Linux regular expression-POSIX character class
POSIX standardizes the meanings of Regular Expression characters and operators. This standard defines two types of Regular Expressions: Basic Regular Expressions (BRE), grep and sed use this regular expression; extended regular expressions, egrep and awk use this regular expression.
To adapt to non-English environments, the POSIX standard enhances the function of matching character classes that are not in the English alphabet. For example, French is a letter character, but the typical character class [a-z] does not match it. This standard provides an additional letter sequence, which should be viewed as a single unit when matching and sorting string data.
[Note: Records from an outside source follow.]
(* Let $n\ge0$ and let $H_n$ be the pyrene system with $n$ pyrene fragments. Then $$F(H_n,x)=x^{n}\sum_{j=0}^{n}\sum_{i=\lceil\frac{j+n}{2}\rceil}^{n}(-1)^{n-i}2^{2i+j-n}\binom{i}{n-i}\binom{2i-n}{j}x^{j}.$$
   Context: Pyrene system: draw the hexagonal lattice so that every hexagon has two vertical sides; horizontally adjacent hexagons then share a vertical edge. For $n\ge1$, $H_n$ is the hexagonal system (the plane graph formed by the vertices and edges of the following $4n$ hexagons) consisting of a horizontal linear row of $2n$ hexagons $h_{1,1},h_{1,2},\dots,h_{n,1},h_{n,2}$, consecutive ones sharing a vertical edge, together with, for each $i$, a hexagon $s_{i,1}$ directly above and a hexagon $s_{i,2}$ directly below the common edge of $h_{i,1}$ and $h_{i,2}$ (each sharing an edge with both $h_{i,1}$ and $h_{i,2}$). $H_0$ is the null graph (with forcing polynomial $1$). For a perfect matching $M$ of $G$, a forcing set is a subset $S\subseteq M$ contained in no other perfect matching of $G$, and the forcing number $f(G,M)$ is the minimum size of a forcing set. The forcing polynomial is $F(G,x)=\sum_{M\in\mathcal{M}(G)}x^{f(G,M)}$, where $\mathcal{M}(G)$ is the set of perfect matchings of $G$. *)

theory Defs
  imports "HOL-Computational_Algebra.Polynomial"
begin

(* Hexagonal lattice, hexagons with two vertical sides ("pointy-top").
   Integer coordinates in units of half the side length s/2 horizontally scaled so that
   the hexagon with centre (x,y) has vertices
     top (x,y+2), upper-right (x+1,y+1), lower-right (x+1,y-1),
     bottom (x,y-2), lower-left (x-1,y-1), upper-left (x-1,y+1).
   Horizontally adjacent hexagons have centres (x,y), (x+2,y) and share a vertical edge;
   the hexagon directly above (below) their common edge has centre (x+1,y+3) ((x+1,y-3)). *)

type_synonym vert = "int \<times> int"

definition hex_cycle :: "vert \<Rightarrow> vert list" where
  "hex_cycle c = (case c of (x,y) \<Rightarrow>
     [(x,y+2), (x+1,y+1), (x+1,y-1), (x,y-2), (x-1,y-1), (x-1,y+1)])"

definition hex_vertices :: "vert \<Rightarrow> vert set" where
  "hex_vertices c = set (hex_cycle c)"

definition hex_edges :: "vert \<Rightarrow> vert set set" where
  "hex_edges c = (let vs = hex_cycle c in
     {{vs ! k, vs ! ((k + 1) mod 6)} | k. k < 6})"

(* Centres of the 4n hexagons of the pyrene system H_n (fragment i = 0..n-1):
   h_{i,1} at (4i,0), h_{i,2} at (4i+2,0), s_{i,1} at (4i+1,3), s_{i,2} at (4i+1,-3). *)
definition pyrene_centres :: "nat \<Rightarrow> vert set" where
  "pyrene_centres n = (\<Union>i\<in>{..<n}.
     {(4 * int i, 0), (4 * int i + 2, 0), (4 * int i + 1, 3), (4 * int i + 1, -3)})"

definition pyrene_V :: "nat \<Rightarrow> vert set" where
  "pyrene_V n = (\<Union>c\<in>pyrene_centres n. hex_vertices c)"

definition pyrene_E :: "nat \<Rightarrow> vert set set" where
  "pyrene_E n = (\<Union>c\<in>pyrene_centres n. hex_edges c)"

definition perfect_matching :: "'a set \<Rightarrow> 'a set set \<Rightarrow> 'a set set \<Rightarrow> bool" where
  "perfect_matching V E M \<longleftrightarrow> M \<subseteq> E \<and> (\<forall>v\<in>V. \<exists>!e. e \<in> M \<and> v \<in> e)"

definition perfect_matchings :: "'a set \<Rightarrow> 'a set set \<Rightarrow> 'a set set set" where
  "perfect_matchings V E = {M. perfect_matching V E M}"

definition forcing_set :: "'a set \<Rightarrow> 'a set set \<Rightarrow> 'a set set \<Rightarrow> 'a set set \<Rightarrow> bool" where
  "forcing_set V E M S \<longleftrightarrow> S \<subseteq> M \<and>
     (\<forall>M'. perfect_matching V E M' \<and> S \<subseteq> M' \<longrightarrow> M' = M)"

definition forcing_number :: "'a set \<Rightarrow> 'a set set \<Rightarrow> 'a set set \<Rightarrow> nat" where
  "forcing_number V E M = Min (card ` {S. forcing_set V E M S})"

definition forcing_polynomial :: "'a set \<Rightarrow> 'a set set \<Rightarrow> int poly" where
  "forcing_polynomial V E = (\<Sum>M\<in>perfect_matchings V E. monom 1 (forcing_number V E M))"

end

theory Submission
  imports Defs
begin

(* A perfect matching of H_n is described by the n + 1 vertical edges separating consecutive
   pyrene fragments: such an edge lies in the matching, or both of its ends are matched into the
   fragment on its left, or both into the fragment on its right.  The states of the two edges
   bounding a fragment determine the matching inside it, except that when the central edge of
   the fragment is unused, each of the hexagons s_{i,1}, s_{i,2} independently carries one of its
   two perfect matchings.  Each such hexagon can be flipped on its own, so a forcing set meets
   both of them; when the central edge is used, the state of one bounding edge can be changed,
   so a forcing set meets the fragment.  One edge per possible flip already forces the matching,
   hence the forcing number is the sum of these local contributions 2 and 1.  Summing over the
   states is a transfer-matrix computation whose 2 x 2 matrix has trace 2x + 4x^2 and determinant
   x^2, so F(H_n, x) = x^n U_n(1 + 2x) with U_n the Chebyshev polynomial of the second kind, and
   expanding U_n gives the double sum. *)

section \<open>Labelling the vertices and edges of the pyrene system\<close>

(* Fragment i is the pyrene unit h_{i,1}, h_{i,2}, s_{i,1}, s_{i,2} without the right vertical
   edge of h_{i,2}, which is the edge A12 of fragment i + 1.  Coordinates are relative to the
   centre of h_{i,1}; index 2 is the mirror image of index 1 in the horizontal axis, A1 A2 is the
   left edge of h_{i,1}, C1 C2 the edge shared by h_{i,1} and h_{i,2}, and TA1, TA2 join T1, T2
   to A1, A2 of fragment i + 1. *)
datatype vkind = A1 | A2 | P1 | P2 | Q1 | Q2 | R1 | R2 | S1 | S2 | T1 | T2 | C1 | C2

datatype ekind = A12 | AP1 | AP2 | PQ1 | PQ2 | QR1 | QR2 | RS1 | RS2 | ST1 | ST2
  | TA1 | TA2 | PC1 | PC2 | CT1 | CT2 | C12

lemma UNIV_vkind: "(UNIV :: vkind set) = {A1, A2, P1, P2, Q1, Q2, R1, R2, S1, S2, T1, T2, C1, C2}"
  by (rule set_eqI, case_tac x) auto

lemma UNIV_ekind: "(UNIV :: ekind set) = {A12, AP1, AP2, PQ1, PQ2, QR1, QR2, RS1, RS2, ST1, ST2,
  TA1, TA2, PC1, PC2, CT1, CT2, C12}"
  by (rule set_eqI, case_tac x) auto

instance ekind :: finite
  by standard (simp add: UNIV_ekind)

lemma all_ekind: "(\<forall>k. P k) \<longleftrightarrow> P A12 \<and> P AP1 \<and> P AP2 \<and> P PQ1 \<and> P PQ2 \<and> P QR1 \<and> P QR2 \<and>
  P RS1 \<and> P RS2 \<and> P ST1 \<and> P ST2 \<and> P TA1 \<and> P TA2 \<and> P PC1 \<and> P PC2 \<and> P CT1 \<and> P CT2 \<and> P C12"
proof
  show "\<forall>k. P k" if "P A12 \<and> P AP1 \<and> P AP2 \<and> P PQ1 \<and> P PQ2 \<and> P QR1 \<and> P QR2 \<and>
    P RS1 \<and> P RS2 \<and> P ST1 \<and> P ST2 \<and> P TA1 \<and> P TA2 \<and> P PC1 \<and> P PC2 \<and> P CT1 \<and> P CT2 \<and> P C12"
    using that by (intro allI, case_tac k) simp_all
qed simp

fun vertex_offset :: "vkind \<Rightarrow> vert" where
  "vertex_offset A1 = (-1,1)" | "vertex_offset A2 = (-1,-1)"
| "vertex_offset P1 = (0,2)" | "vertex_offset P2 = (0,-2)"
| "vertex_offset Q1 = (0,4)" | "vertex_offset Q2 = (0,-4)"
| "vertex_offset R1 = (1,5)" | "vertex_offset R2 = (1,-5)"
| "vertex_offset S1 = (2,4)" | "vertex_offset S2 = (2,-4)"
| "vertex_offset T1 = (2,2)" | "vertex_offset T2 = (2,-2)"
| "vertex_offset C1 = (1,1)" | "vertex_offset C2 = (1,-1)"

fun edge_offset :: "ekind \<Rightarrow> vert \<times> vert" where
  "edge_offset A12 = ((-1,1),(-1,-1))"
| "edge_offset AP1 = ((-1,1),(0,2))" | "edge_offset AP2 = ((-1,-1),(0,-2))"
| "edge_offset PQ1 = ((0,2),(0,4))" | "edge_offset PQ2 = ((0,-2),(0,-4))"
| "edge_offset QR1 = ((0,4),(1,5))" | "edge_offset QR2 = ((0,-4),(1,-5))"
| "edge_offset RS1 = ((1,5),(2,4))" | "edge_offset RS2 = ((1,-5),(2,-4))"
| "edge_offset ST1 = ((2,4),(2,2))" | "edge_offset ST2 = ((2,-4),(2,-2))"
| "edge_offset TA1 = ((2,2),(3,1))" | "edge_offset TA2 = ((2,-2),(3,-1))"
| "edge_offset PC1 = ((0,2),(1,1))" | "edge_offset PC2 = ((0,-2),(1,-1))"
| "edge_offset CT1 = ((2,2),(1,1))" | "edge_offset CT2 = ((2,-2),(1,-1))"
| "edge_offset C12 = ((1,1),(1,-1))"

definition shift :: "nat \<Rightarrow> vert \<Rightarrow> vert" where
  "shift i p = (4 * int i + fst p, snd p)"

definition vertex_at :: "nat \<times> vkind \<Rightarrow> vert" where
  "vertex_at p = shift (fst p) (vertex_offset (snd p))"

definition edge_at :: "nat \<times> ekind \<Rightarrow> vert set" where
  "edge_at p = {shift (fst p) (fst (edge_offset (snd p))), shift (fst p) (snd (edge_offset (snd p)))}"

lemma edge_at_eq_iff: "edge_at p = edge_at q \<longleftrightarrow> p = q"
  by (cases p; cases q; rename_tac i k j l; case_tac k; case_tac l)
    (auto simp: edge_at_def shift_def doubleton_eq_iff, presburger+)

lemma inj_edge_at: "inj edge_at"
  by (simp add: inj_def edge_at_eq_iff)

lemma hex_vertices_explicit: "hex_vertices (x,y) =
  {(x,y+2), (x+1,y+1), (x+1,y-1), (x,y-2), (x-1,y-1), (x-1,y+1)}"
  unfolding hex_vertices_def hex_cycle_def by simp

lemma hex_edges_explicit: "hex_edges (x,y) = {{(x,y+2),(x+1,y+1)}, {(x+1,y+1),(x+1,y-1)},
   {(x+1,y-1),(x,y-2)}, {(x,y-2),(x-1,y-1)}, {(x-1,y-1),(x-1,y+1)}, {(x-1,y+1),(x,y+2)}}"
proof -
  have image_form: "{f k | k. k < 6} = f ` {..<6}" for f :: "nat \<Rightarrow> vert set"
    by blast
  have "{..<6::nat} = {0,1,2,3,4,5}"
    by (auto simp: lessThan_nat_numeral)
  note six = image_form[unfolded this]
  show ?thesis
    unfolding hex_edges_def hex_cycle_def Let_def six by (simp add: insert_commute)
qed

lemma fragment_vertices: "hex_vertices (4 * int i, 0) \<union> hex_vertices (4 * int i + 2, 0) \<union>
    hex_vertices (4 * int i + 1, 3) \<union> hex_vertices (4 * int i + 1, -3) =
  vertex_at ` ({i} \<times> UNIV \<union> {Suc i} \<times> {A1, A2})"
proof -
  have "hex_vertices (4 * int i, 0) \<union> hex_vertices (4 * int i + 2, 0) \<union>
      hex_vertices (4 * int i + 1, 3) \<union> hex_vertices (4 * int i + 1, -3) =
    (\<lambda>k. vertex_at (i, k)) ` UNIV \<union> {vertex_at (Suc i, A1), vertex_at (Suc i, A2)}"
    unfolding hex_vertices_explicit UNIV_vkind
    by (intro equalityI) (simp_all add: vertex_at_def shift_def)
  then show ?thesis by blast
qed

lemma fragment_edges: "hex_edges (4 * int i, 0) \<union> hex_edges (4 * int i + 2, 0) \<union>
    hex_edges (4 * int i + 1, 3) \<union> hex_edges (4 * int i + 1, -3) =
  edge_at ` ({i} \<times> UNIV \<union> {Suc i} \<times> {A12})"
proof -
  have "hex_edges (4 * int i, 0) \<union> hex_edges (4 * int i + 2, 0) \<union>
      hex_edges (4 * int i + 1, 3) \<union> hex_edges (4 * int i + 1, -3) =
    (\<lambda>k. edge_at (i, k)) ` UNIV \<union> {edge_at (Suc i, A12)}"
    unfolding hex_edges_explicit UNIV_ekind
    by (intro equalityI) (simp_all add: edge_at_def shift_def doubleton_eq_iff)
  then show ?thesis by blast
qed

lemma UN_fragment_labels:
  assumes "0 < n"
  shows "(\<Union>i<n. {i} \<times> UNIV \<union> {Suc i} \<times> B) = {..<n} \<times> UNIV \<union> {n} \<times> B"
proof (intro equalityI subsetI)
  fix p assume "p \<in> {..<n} \<times> UNIV \<union> {n} \<times> B"
  moreover have "n = Suc (n - 1)" using assms by simp
  ultimately show "p \<in> (\<Union>i<n. {i} \<times> UNIV \<union> {Suc i} \<times> B)"
    by (auto intro: UN_I[of "n - 1"])
qed auto

definition vertex_labels :: "nat \<Rightarrow> (nat \<times> vkind) set" where
  "vertex_labels n = {..<n} \<times> UNIV \<union> {n} \<times> {A1, A2}"

definition edge_labels :: "nat \<Rightarrow> (nat \<times> ekind) set" where
  "edge_labels n = {..<n} \<times> UNIV \<union> {n} \<times> {A12}"

lemma pyrene_V_labels:
  assumes "0 < n" shows "pyrene_V n = vertex_at ` vertex_labels n"
proof -
  have "pyrene_V n = (\<Union>i<n. hex_vertices (4 * int i, 0) \<union> hex_vertices (4 * int i + 2, 0) \<union>
      hex_vertices (4 * int i + 1, 3) \<union> hex_vertices (4 * int i + 1, -3))"
    unfolding pyrene_V_def pyrene_centres_def by (simp add: UN_UN_flatten Un_assoc)
  also have "\<dots> = vertex_at ` vertex_labels n"
    unfolding fragment_vertices vertex_labels_def UN_fragment_labels[OF assms, symmetric] by blast
  finally show ?thesis .
qed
POSIX also changes the frequently used terminology. What we call "character classes" is known as "Bracket expressions" in POSIX standards ". In a bracket expression, except for characters (such as ,! And so on. As follows:
? Character class. A posix character class consisting of [: And:] keywords. Keywords describe different character classes, such as text characters and control characters.
? Sort and conform. The collation conforms to a multi-Character Sequence. It indicates that these characters should be considered as a unit, which is composed of characters enclosed by [, and.
? Equivalence Class. Equivalence classes list character sets that should be considered as equivalent, such as e and e. It is composed of regionalized character elements (surrounded by [= and =.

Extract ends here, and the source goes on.